─── Source information ───

lemma refl_self: "\<alpha> \<noteq> 0 \<Longrightarrow> refl \<alpha> \<alpha> = - \<alpha>"
  unfolding refl_def coroot_def by (simp add: scaleR_2)

lemma refl_uminus: "refl \<alpha> (- l) = - refl \<alpha> l"
  unfolding refl_def coroot_def by (simp add: algebra_simps)

lemma inner_refl_refl: "\<alpha> \<noteq> 0 \<Longrightarrow> refl \<alpha> a \<bullet> refl \<alpha> b = a \<bullet> b"
  unfolding refl_def coroot_def
  by (simp add: inner_diff_left inner_diff_right inner_commute field_simps)

lemma refl_in_weyl: "\<alpha> \<in> \<Phi> \<Longrightarrow> refl \<alpha> \<in> weyl \<Phi>"
  using weyl_step[OF _ weyl_id] by fastforce

lemma weyl_comp_closed: "u \<in> weyl \<Phi> \<Longrightarrow> w \<in> weyl \<Phi> \<Longrightarrow> u \<circ> w \<in> weyl \<Phi>"
  by (induction u rule: weyl.induct) (auto simp: comp_assoc intro: weyl.intros)

lemma bij_weyl:
  assumes "0 \<notin> \<Phi>" and "w \<in> weyl \<Phi>"
  shows "bij w"
  using assms(2)
proof induction
  case (weyl_step \<alpha> w)
  then have "\<alpha> \<noteq> 0" using assms(1) by auto
  then show ?case by (rule bij_comp[OF weyl_step.IH bij_refl])
qed (rule bij_id)

lemma inv_in_weyl:
  assumes "0 \<notin> \<Phi>" and "w \<in> weyl \<Phi>"
  shows "inv w \<in> weyl \<Phi>"
  using assms(2)
proof (induction w rule: weyl.induct)
  case weyl_id
  then show ?case by (metis inv_id weyl.weyl_id)
next
  case (weyl_step \<alpha> w)
  have \<alpha>: "\<alpha> \<noteq> 0" using weyl_step.hyps(1) assms(1) by auto
  have "inv (refl \<alpha> \<circ> w) = inv w \<circ> inv (refl \<alpha>)"
    by (rule o_inv_distrib[OF bij_refl[OF \<alpha>] bij_weyl[OF assms(1) weyl_step.hyps(2)]])
  then show ?case
    using weyl_comp_closed[OF weyl_step.IH refl_in_weyl[OF weyl_step.hyps(1)]] inv_refl[OF \<alpha>]
    by (simp only:)
qed

lemma inner_weyl_weyl:
  assumes "0 \<notin> \<Phi>" and "w \<in> weyl \<Phi>"
  shows "w a \<bullet> w b = a \<bullet> b"
  using assms(2)
proof induction
  case (weyl_step \<alpha> w)
  then have "\<alpha> \<noteq> 0" using assms(1) by auto
  with weyl_step.IH show ?case by (simp add: inner_refl_refl)
qed simp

───

▸ Work instructions: In the entries above, find the line holding "by (induction u" and the line holding "(refl \<alpha> \<circ>", then retype exactly those two lines and every line between them, and nothing else.

▸ Solution:
  by (induction u rule: weyl.induct) (auto simp: comp_assoc intro: weyl.intros)

lemma bij_weyl:
  assumes "0 \<notin> \<Phi>" and "w \<in> weyl \<Phi>"
  shows "bij w"
  using assms(2)
proof induction
  case (weyl_step \<alpha> w)
  then have "\<alpha> \<noteq> 0" using assms(1) by auto
  then show ?case by (rule bij_comp[OF weyl_step.IH bij_refl])
qed (rule bij_id)

lemma inv_in_weyl:
  assumes "0 \<notin> \<Phi>" and "w \<in> weyl \<Phi>"
  shows "inv w \<in> weyl \<Phi>"
  using assms(2)
proof (induction w rule: weyl.induct)
  case weyl_id
  then show ?case by (metis inv_id weyl.weyl_id)
next
  case (weyl_step \<alpha> w)
  have \<alpha>: "\<alpha> \<noteq> 0" using weyl_step.hyps(1) assms(1) by auto
  have "inv (refl \<alpha> \<circ> w) = inv w \<circ> inv (refl \<alpha>)"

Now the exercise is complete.